Reprocessing Validation

Enabling the Reuse of Single-Use Medical Devices Safely and Efficiently

In an era where sustainability and cost-efficiency are paramount, the medical industry faces unprecedented challenges and opportunities such as regulatory changes and demand for product development. Wickham Micro Ltd, a partner laboratory of Cormica, is proud to introduce our advanced Medical Device Reprocessing services to evaluate the effectiveness of cleaning, disinfection and sterilisation. We specialise in conducting Reprocessing Validations that meet stringent regulatory requirements, ensuring the safe and effective reuse of single-use medical devices.

Why Choose Wickham Micro for Medical Device Reprocessing Validation?

Commitment to Excellence - At Wickham Micro, we uphold the highest standards of quality, reliability, and customer service. Our processes are certified to GMP, GLP and FDA affirming our commitment to precision and reliability.

Expertise in Diverse Testing Fields - Our extensive array of services throughout the Cormica group — Biocompatibility & Toxicology, Microbiology, Sterility & Environmental, Functional and Performance Testing, Chemical Analysis, Packaging, Seal & Transit Testing — allows us to offer a comprehensive approach to Medical Device Reprocessing.

Customised Solutions - Understanding that each client has their own unique needs, our expert team of scientists, engineers, and regulatory advisors tailor Reprocessing Validations to meet your specific criteria.


What is Reprocessing Validation?

Reprocessing Validation is a rigorous testing procedure that ensures the safe and effective reuse of single-use medical devices by confirming they meet all necessary quality and regulatory standards.

Why You Should Do Reprocessing Validation?

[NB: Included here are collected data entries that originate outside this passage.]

lemma recip_square_diff_sums:
  fixes z :: complex
  assumes z: "z \<notin> \<int>"
  shows "(\<lambda>k. 1 / ((of_nat (Suc k))\<^sup>2 - z\<^sup>2)) sums recip_square_diff_sum z"
proof -
  have z0: "z \<noteq> 0" using z by auto
  have "(\<lambda>k. 2 * z / (z\<^sup>2 - (of_nat (Suc k))\<^sup>2) * (- 1 / (2 * z))) sums
        ((of_real pi * cot (of_real pi * z) - 1 / z) * (- 1 / (2 * z)))"
    by (rule sums_mult2[OF pi_cot_partial_fractions[OF z]])
  moreover have "2 * z / (z\<^sup>2 - (of_nat (Suc k))\<^sup>2) * (- 1 / (2 * z)) = 1 / ((of_nat (Suc k))\<^sup>2 - z\<^sup>2)" for k
    using z0 by (cases "z\<^sup>2 = (of_nat (Suc k))\<^sup>2") (simp_all add: field_simps)
  moreover have "(of_real pi * cot (of_real pi * z) - 1 / z) * (- 1 / (2 * z)) = recip_square_diff_sum z"
    using z0 by (simp add: recip_square_diff_sum_def field_simps power2_eq_square)
  ultimately show ?thesis by simp
qed

lemma recip_diff_sum_identities:
  fixes a b :: "'a :: field_char_0"
  assumes "a - b \<noteq> 0" "a + b \<noteq> 0" "b \<noteq> 0"
  shows "(1 / (a - b) - 1 / (a + b)) / (2 * b) = 1 / ((a - b) * (a + b))"
    and "(1 / (a - b) + 1 / (a + b)) / 2 = a / ((a - b) * (a + b))"
proof -
  have P: "(a - b) * (a + b) \<noteq> 0" using assms by simp
  have "1 / (a - b) - 1 / (a + b) = ((a + b) - (a - b)) / ((a - b) * (a + b))"
    using assms by (simp add: diff_frac_eq)
  also have "(a + b) - (a - b) = 2 * b" by simp
  finally show "(1 / (a - b) - 1 / (a + b)) / (2 * b) = 1 / ((a - b) * (a + b))"
    using assms P by simp
  have "1 / (a - b) + 1 / (a + b) = ((a + b) + (a - b)) / ((a - b) * (a + b))"
    using assms by (simp add: add_frac_eq)
  also have "(a + b) + (a - b) = 2 * a" by simp
  finally show "(1 / (a - b) + 1 / (a + b)) / 2 = a / ((a - b) * (a + b))"
    using assms P by simp
qed

text \<open>Series over quartic denominators \<open>k\<^sup>4 - w\<^sup>4\<close>, by splitting into \<open>k\<^sup>2 - w\<^sup>2\<close> and \<open>k\<^sup>2 - (\<i>w)\<^sup>2\<close>.\<close>
lemma quartic_sums_complex:
  fixes w :: complex
  assumes w: "w \<notin> \<int>" and iw: "\<i> * w \<notin> \<int>"
  shows "(\<lambda>k. 1 / ((of_nat (Suc k))^4 - w^4)) sums
           ((recip_square_diff_sum w - recip_square_diff_sum (\<i> * w)) / (2 * w\<^sup>2))"
    and "(\<lambda>k. (of_nat (Suc k))\<^sup>2 / ((of_nat (Suc k))^4 - w^4)) sums
           ((recip_square_diff_sum w + recip_square_diff_sum (\<i> * w)) / 2)"
proof -
  have w0: "w \<noteq> 0" using w by auto
  have iw2: "(\<i> * w)\<^sup>2 = - w\<^sup>2" by (simp add: power_mult_distrib)
  have nonzero: "(of_nat (Suc k))\<^sup>2 - v\<^sup>2 \<noteq> (0::complex)" if "v \<notin> \<int>" for v k
  proof
    assume "(of_nat (Suc k))\<^sup>2 - v\<^sup>2 = (0::complex)"
    hence "(v - of_nat (Suc k)) * (v + of_nat (Suc k)) = 0" by (simp add: algebra_simps power2_eq_square)
    hence "v = of_nat (Suc k) \<or> v = - of_nat (Suc k)" by (auto simp: add_eq_0_iff2)
    thus False using that by (metis Ints_minus Ints_of_nat)
  qed
  have ne1: "(of_nat (Suc k))\<^sup>2 - w\<^sup>2 \<noteq> (0::complex)" for k using nonzero[OF w] .
  have ne2: "(of_nat (Suc k))\<^sup>2 + w\<^sup>2 \<noteq> (0::complex)" for k using nonzero[OF iw] by (simp add: iw2)
  have fac: "(of_nat (Suc k))^4 - w^4 = ((of_nat (Suc k))\<^sup>2 - w\<^sup>2) * ((of_nat (Suc k))\<^sup>2 + w\<^sup>2)" for k :: nat
    by (simp add: algebra_simps power2_eq_square power4_eq_xxxx)
  have A: "(\<lambda>k. 1 / ((of_nat (Suc k))\<^sup>2 - w\<^sup>2)) sums recip_square_diff_sum w"
    by (rule recip_square_diff_sums[OF w])
  have B: "(\<lambda>k. 1 / ((of_nat (Suc k))\<^sup>2 + w\<^sup>2)) sums recip_square_diff_sum (\<i> * w)"
    using recip_square_diff_sums[OF iw] unfolding iw2 by simp
  have "(\<lambda>k. (1 / ((of_nat (Suc k))\<^sup>2 - w\<^sup>2) - 1 / ((of_nat (Suc k))\<^sup>2 + w\<^sup>2)) / (2 * w\<^sup>2)) sums
     ((recip_square_diff_sum w - recip_square_diff_sum (\<i> * w)) / (2 * w\<^sup>2))"
    by (intro sums_divide sums_diff A B)
  thus "(\<lambda>k. 1 / ((of_nat (Suc k))^4 - w^4)) sums
           ((recip_square_diff_sum w - recip_square_diff_sum (\<i> * w)) / (2 * w\<^sup>2))"
    unfolding fac using ne1 ne2 w0 by (subst (asm) recip_diff_sum_identities(1)) auto
  have "(\<lambda>k. (1 / ((of_nat (Suc k))\<^sup>2 - w\<^sup>2) + 1 / ((of_nat (Suc k))\<^sup>2 + w\<^sup>2)) / 2) sums
     ((recip_square_diff_sum w + recip_square_diff_sum (\<i> * w)) / 2)"
    by (intro sums_divide sums_add A B)
  thus "(\<lambda>k. (of_nat (Suc k))\<^sup>2 / ((of_nat (Suc k))^4 - w^4)) sums
           ((recip_square_diff_sum w + recip_square_diff_sum (\<i> * w)) / 2)"
    unfolding fac using ne1 ne2 w0 by (subst (asm) recip_diff_sum_identities(2)) auto
qed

Implementing Reprocessing Validation is crucial for ensuring patient safety, complying with regulatory guidelines, and contributing to sustainable healthcare practices by enabling the reuse of single-use medical devices. It also provides evidence to support the cleaning, disinfection and sterilization techniques used for the device detailed in the Instructions for use (IFU).

How Does Reprocessing Validation Work?

Reprocessing Validation works by subjecting reprocessed medical devices to a series of specialized tests, such as sterility, cleaning validations and functional assessments, to verify that they meet stringent quality and safety benchmarks before re-entry into clinical use.


Our Services in Medical Device Reprocessing

Reprocessing Validations

Our Reprocessing Validations are designed to rigorously test and confirm that the reprocessed medical devices meet all required safety and effectiveness benchmarks, thereby ensuring compliance with global regulations.

Quality Control and Assurance

Wickham Micro's meticulous quality control protocols are integrated at each stage of the reprocessing cycle, from initial examination to final release.

Advisory and Consultation Services

Our team offers professional guidance to navigate the intricate regulatory landscape, aiding in faster market entry for your reprocessed medical devices.


Contact Us

Ready to explore how Wickham Micro can assist with your Medical Device Reprocessing needs? Contact us to discuss customized solutions designed to meet your objectives.


Wickham Micro, a partner laboratory of Cormica, is dedicated to enhancing patient lives by enabling the safe and rapid launch of medical devices across the world. Choose Wickham Micro for cutting-edge solutions in Medical Device Reprocessing.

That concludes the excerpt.